Stored data:
BEGIN

text \<open>By Cauchy-Schwarz S^2 \<le> n P, the gap is at least 27 S^2 - 12 n^2 S + 2 n^4
  = 27 (S - 2 n^2 / 9)^2 + (2/3) n^4.\<close>
lemma degree_sums_inequality:
  fixes n S P :: real
  assumes "0 < n" and "S\<^sup>2 \<le> n * P"
  shows "2 * n * S - 3 * P < 2 * n / 9 * (3 * S + n\<^sup>2)"
proof -
  have "0 < 27 * (S - 2 * n\<^sup>2 / 9)\<^sup>2 + 2 / 3 * n ^ 4"
    using assms(1) by (intro add_nonneg_pos) auto
  also have "\<dots> = 27 * S\<^sup>2 - 12 * n\<^sup>2 * S + 2 * n ^ 4"
    by (simp add: power2_eq_square power4_eq_xxxx algebra_simps)
  finally have "n * (2 * n * S - 3 * P) < n * (2 * n / 9 * (3 * S + n\<^sup>2))"
    using assms(2) by (simp add: power2_eq_square power4_eq_xxxx algebra_simps)
  with assms(1) show ?thesis by simp
qed

lemma exists_less_of_sum_less:
  fixes f g :: "'a \<Rightarrow> real"
  assumes "sum f A < c * sum g A"
  obtains a where "a \<in> A" and "f a < c * g a"
  using sum_mono[of A "\<lambda>a. c * g a" f] assms by (force simp: sum_distrib_left not_less)
lemma join_lle_iff:
  assumes "x \<in> L" "y \<in> L" "z \<in> L"
  shows "lle S ops (J x y) z \<longleftrightarrow> lle S ops x z \<and> lle S ops y z"
proof -
  have xy: "J x y \<in> L" using assms join_in_carrier by simp
  show ?thesis
  proof
    assume "lle S ops (J x y) z"
    moreover have "lle S ops x (J x y)" using assms absorb unfolding lle_def by simp
    moreover have "lle S ops y (J x y)" using assms absorb join_commute unfolding lle_def by metis
    ultimately show "lle S ops x z \<and> lle S ops y z"
      using assms xy lle_trans by blast
  next
    assume "lle S ops x z \<and> lle S ops y z"
    then have "J x z = z" "J y z = z" using assms lle_iff_join_eq by auto
    then have "J (J x y) z = z" using assms join_assoc by simp
    then show "lle S ops (J x y) z"
      using lle_iff_join_eq[OF xy assms(3)] by simp
  qed
qed

lemma eval_join_list_lle_iff:
  assumes "\<forall>x. v x \<in> L" "z \<in> L" "ts \<noteq> []" "\<forall>t\<in>set ts. wf_form S t"
  shows "eval ops v (join_list (jn S) ts) \<in> L \<and>
    (lle S ops (eval ops v (join_list (jn S) ts)) z \<longleftrightarrow> (\<forall>t\<in>set ts. lle S ops (eval ops v t) z))"
  using assms(3,4)
proof (induction "jn S" ts rule: join_list.induct)
  case (3 t u us)
  let ?r = "eval ops v (join_list (jn S) (u # us))"
  have r: "?r \<in> L" "lle S ops ?r z \<longleftrightarrow> (\<forall>s\<in>set (u # us). lle S ops (eval ops v s) z)"
    using 3 by auto
  have t: "eval ops v t \<in> L" using 3 assms(1) eval_in_carrier by simp
  show ?case
    using join_in_carrier[OF t r(1)] join_lle_iff[OF t r(1) assms(2)] r(2) by simp
qed (use assms(1) eval_in_carrier in simp_all)

lemma wf_form_join_list: "ts \<noteq> [] \<Longrightarrow> \<forall>t\<in>set ts. wf_form S t \<Longrightarrow> wf_form S (join_list (jn S) ts)"
  by (induction "jn S" ts rule: join_list.induct)
    (use signature in \<open>auto simp: lattice_signature_def\<close>)

lemma valid_le_join_list_iff:
  assumes "ts \<noteq> []" "\<forall>t\<in>set ts. wf_form S t" "wf_form S c"
  shows "valid_le S L ops (join_list (jn S) ts) c \<longleftrightarrow> (\<forall>t\<in>set ts. valid_le S L ops t c)"
  using eval_join_list_lle_iff[OF _ eval_in_carrier assms(1,2)] assms(3)
  unfolding valid_le_def by blast

lemma fresh_coding_block:
  obtains Y where "Y \<inter> vars b = {}" "finite Y" "card Y = card L"
    "\<And>v. \<forall>x. v x \<in> L \<Longrightarrow> \<exists>f\<in>renamings_into (left_vars a b) Y. \<exists>w. (\<forall>y. w y \<in> L) \<and>
            (\<forall>x\<in>vars a. w (f x) = v x) \<and> (\<forall>x\<in>vars b. w x = v x)"
proof -
  obtain N where "\<forall>x\<in>vars b. x < N"
    using finite_vars finite_nat_set_iff_bounded by blast
  then have fresh: "{N..<N + card L} \<inter> vars b = {}" by auto
  obtain h where "bij_betw h {N..<N + card L} L"
    using finite_same_card_bij[of "{N..<N + card L}" L] finite_carrier by auto
  from renamings_into_cover[OF this fresh] show thesis
    by (intro that[OF fresh]) simp_all
qed

lemma bounded_left_vars_reduction:
  assumes "wf_form S a" "wf_form S b" "valid_le S L ops a b"
  obtains a' where "wf_form S a'" "valid_le S L ops a' b" "card (left_vars a' b) \<le> card L"
    "\<And>i. is_interpolant S L ops a' b i \<Longrightarrow> is_interpolant S L ops a b i"
proof -
  obtain Y where Y_fresh: "Y \<inter> vars b = {}" and "finite Y" "card Y = card L"
    and cover: "\<And>v. \<forall>x. v x \<in> L \<Longrightarrow> \<exists>f\<in>renamings_into (left_vars a b) Y. \<exists>w. (\<forall>y. w y \<in> L) \<and>
                      (\<forall>x\<in>vars a. w (f x) = v x) \<and> (\<forall>x\<in>vars b. w x = v x)"
    using fresh_coding_block[where a = a and b = b] by blast
  define F where "F = renamings_into (left_vars a b) Y"
  have "finite F"
    unfolding F_def left_vars_def using \<open>finite Y\<close> by (intro finite_renamings_into) (simp_all add: finite_vars)
  then obtain fs where fs: "set fs = F" using finite_list by blast
  obtain e where "e \<in> L" using carrier_nonempty by blast
  then have "F \<noteq> {}" using cover[of "\<lambda>_. e"] by (auto simp: F_def)
  then have fs_ne: "map (\<lambda>f. ren f a) fs \<noteq> []" using fs by auto
  have fs_wf: "\<forall>t\<in>set (map (\<lambda>f. ren f a) fs). wf_form S t"
    using assms(1) wf_form_ren by auto
  define a' where "a' = join_list (jn S) (map (\<lambda>f. ren f a) fs)"
  have "vars a' \<subseteq> Y \<union> inter_vars a b"
    unfolding a'_def using vars_join_renamings_into[of fs a b Y] fs fs_ne
    by (simp add: F_def)
  then have vars_a': "left_vars a' b \<subseteq> Y" "inter_vars a' b \<subseteq> inter_vars a b"
    using Y_fresh by (auto simp: left_vars_def inter_vars_def)
  show thesis
  proof
    show "wf_form S a'" unfolding a'_def using wf_form_join_list[OF fs_ne fs_wf] .
    have "valid_le S L ops (ren f a) b" if "f \<in> F" for f
      using valid_le_ren_left[OF assms(3)] that by (auto simp: F_def renamings_into_def left_vars_def)
    then show "valid_le S L ops a' b"
      unfolding a'_def using valid_le_join_list_iff[OF fs_ne fs_wf assms(2)] fs by auto
    show "card (left_vars a' b) \<le> card L"
      using card_mono[OF \<open>finite Y\<close> vars_a'(1)] \<open>card Y = card L\<close> by simp
  next
    fix i assume i: "is_interpolant S L ops a' b i"
    then have i_wf: "wf_form S i" and i_vars: "vars i \<subseteq> vars b"
      by (auto simp: is_interpolant_def inter_vars_def)
    have "valid_le S L ops (ren f a) i" if "f \<in> F" for f
      using i valid_le_join_list_iff[OF fs_ne fs_wf i_wf] that fs
      by (auto simp: is_interpolant_def a'_def)
    moreover have "\<exists>f\<in>F. \<exists>w. (\<forall>y. w y \<in> L) \<and> (\<forall>x\<in>vars a. w (f x) = v x) \<and> (\<forall>x\<in>vars i. w x = v x)"
      if "\<forall>x. v x \<in> L" for v
      using cover[OF that] i_vars unfolding F_def by blast
    ultimately have "valid_le S L ops a i"
      by (rule valid_le_of_renamed_instances)
    then show "is_interpolant S L ops a b i"
      using i vars_a'(2) by (auto simp: is_interpolant_def)
  qed
qed

end

theorem lemma1:
  fixes S :: "'c signature" and L :: "'a set" and ops :: "'c \<Rightarrow> 'a list \<Rightarrow> 'a" and n :: nat
  assumes "lattice_signature S"
    and "finite_L_lattice S L ops"
    and "card L \<le> n"
  shows "interpolation_property S L ops \<longleftrightarrow>
    (\<forall>a b. wf_form S a \<and> wf_form S b \<and> valid_le S L ops a b \<and> card (left_vars a b) \<le> n \<longrightarrow>
       (\<exists>i. is_interpolant S L ops a b i))"
proof
  assume "interpolation_property S L ops"
  then show "\<forall>a b. wf_form S a \<and> wf_form S b \<and> valid_le S L ops a b \<and> card (left_vars a b) \<le> n \<longrightarrow>
       (\<exists>i. is_interpolant S L ops a b i)"
    unfolding interpolation_property_def by blast
next
  interpret L_lattice S L ops using assms(1,2) by unfold_locales
  assume bounded: "\<forall>a b. wf_form S a \<and> wf_form S b \<and> valid_le S L ops a b \<and> card (left_vars a b) \<le> n \<longrightarrow>
       (\<exists>i. is_interpolant S L ops a b i)"
  show "interpolation_property S L ops"
    unfolding interpolation_property_def
  proof (intro allI impI, elim conjE)
    fix a b assume ab: "wf_form S a" "wf_form S b" "valid_le S L ops a b"
    then obtain a' where "wf_form S a'" "valid_le S L ops a' b" "card (left_vars a' b) \<le> card L"
      and transfer: "\<And>i. is_interpolant S L ops a' b i \<Longrightarrow> is_interpolant S L ops a b i"
      using bounded_left_vars_reduction by blast
    then obtain i where "is_interpolant S L ops a' b i"
      using bounded ab(2) assms(3) by fastforce
    then show "\<exists>i. is_interpolant S L ops a b i" using transfer by blast
  qed
qed

end
lemma integral_increment_eq_inner_g_D:
  shows "integrable M (\<lambda>\<omega>. F (anc n \<omega> + D n t \<omega>) - F (anc n \<omega>))"
    and "(\<integral>\<omega>. F (anc n \<omega> + D n t \<omega>) - F (anc n \<omega>) \<partial>M) = (\<integral>\<omega>. g n t \<omega> \<bullet> D n t \<omega> \<partial>M)"
proof -
  show "integrable M (\<lambda>\<omega>. F (anc n \<omega> + D n t \<omega>) - F (anc n \<omega>))"
  proof (rule Bochner_Integration.integrable_bound[where f="\<lambda>\<omega>. G * norm (D n t \<omega>)"])
    show "AE \<omega> in M. norm (F (anc n \<omega> + D n t \<omega>) - F (anc n \<omega>)) \<le> norm (G * norm (D n t \<omega>))"
    proof (rule AE_I2)
      fix \<omega>
      show "norm (F (anc n \<omega> + D n t \<omega>) - F (anc n \<omega>)) \<le> norm (G * norm (D n t \<omega>))"
        using abs_diff_le_if_gradient_bounded[OF integral_identity[of "anc n \<omega>" "anc n \<omega> + D n t \<omega>"]
            grad_bound] G_nonneg by simp
    qed
  qed (use D_norm_integrable in simp_all)
  have "(\<integral>\<omega>. F (anc n \<omega> + D n t \<omega>) - F (anc n \<omega>) \<partial>M) = (\<integral>\<omega>. gradF (y n t \<omega>) \<bullet> D n t \<omega> \<partial>M)"
    unfolding y_def
    by (rule integral_increment_eq_randomized_gradient(2)[OF gradF_measurable F_measurable
          integral_identity grad_bound Fpre_subalgebra anc_Fpre D_meas[OF n t] s_M s_unif[OF n t]
          s_indep[OF n t] D_norm_integrable])
  also have "\<dots> = (\<integral>\<omega>. g n t \<omega> \<bullet> D n t \<omega> \<partial>M)"
    by (rule integral_inner_eq_if_cond_exp_eq[OF sub_y[OF n t] measurable_Fy_if_Fpre[OF D_meas[OF n t]]
          g_M y_M[THEN measurable_compose, OF gradF_measurable] g_sq_integrable D_sq_int[OF n t]
          gradF_y_sq_integrable cond_exp_g_eq, symmetric])
  finally show "(\<integral>\<omega>. F (anc n \<omega> + D n t \<omega>) - F (anc n \<omega>) \<partial>M) = (\<integral>\<omega>. g n t \<omega> \<bullet> D n t \<omega> \<partial>M)" .
qed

END

**Problem**
What you return must be the lines above that run from the line with "join_in_carrier by simp" to the line with "lle_def by simp", inclusive, each copied exactly.

**Exercise answer**
  have xy: "J x y \<in> L" using assms join_in_carrier by simp
  show ?thesis
  proof
    assume "lle S ops (J x y) z"
    moreover have "lle S ops x (J x y)" using assms absorb unfolding lle_def by simp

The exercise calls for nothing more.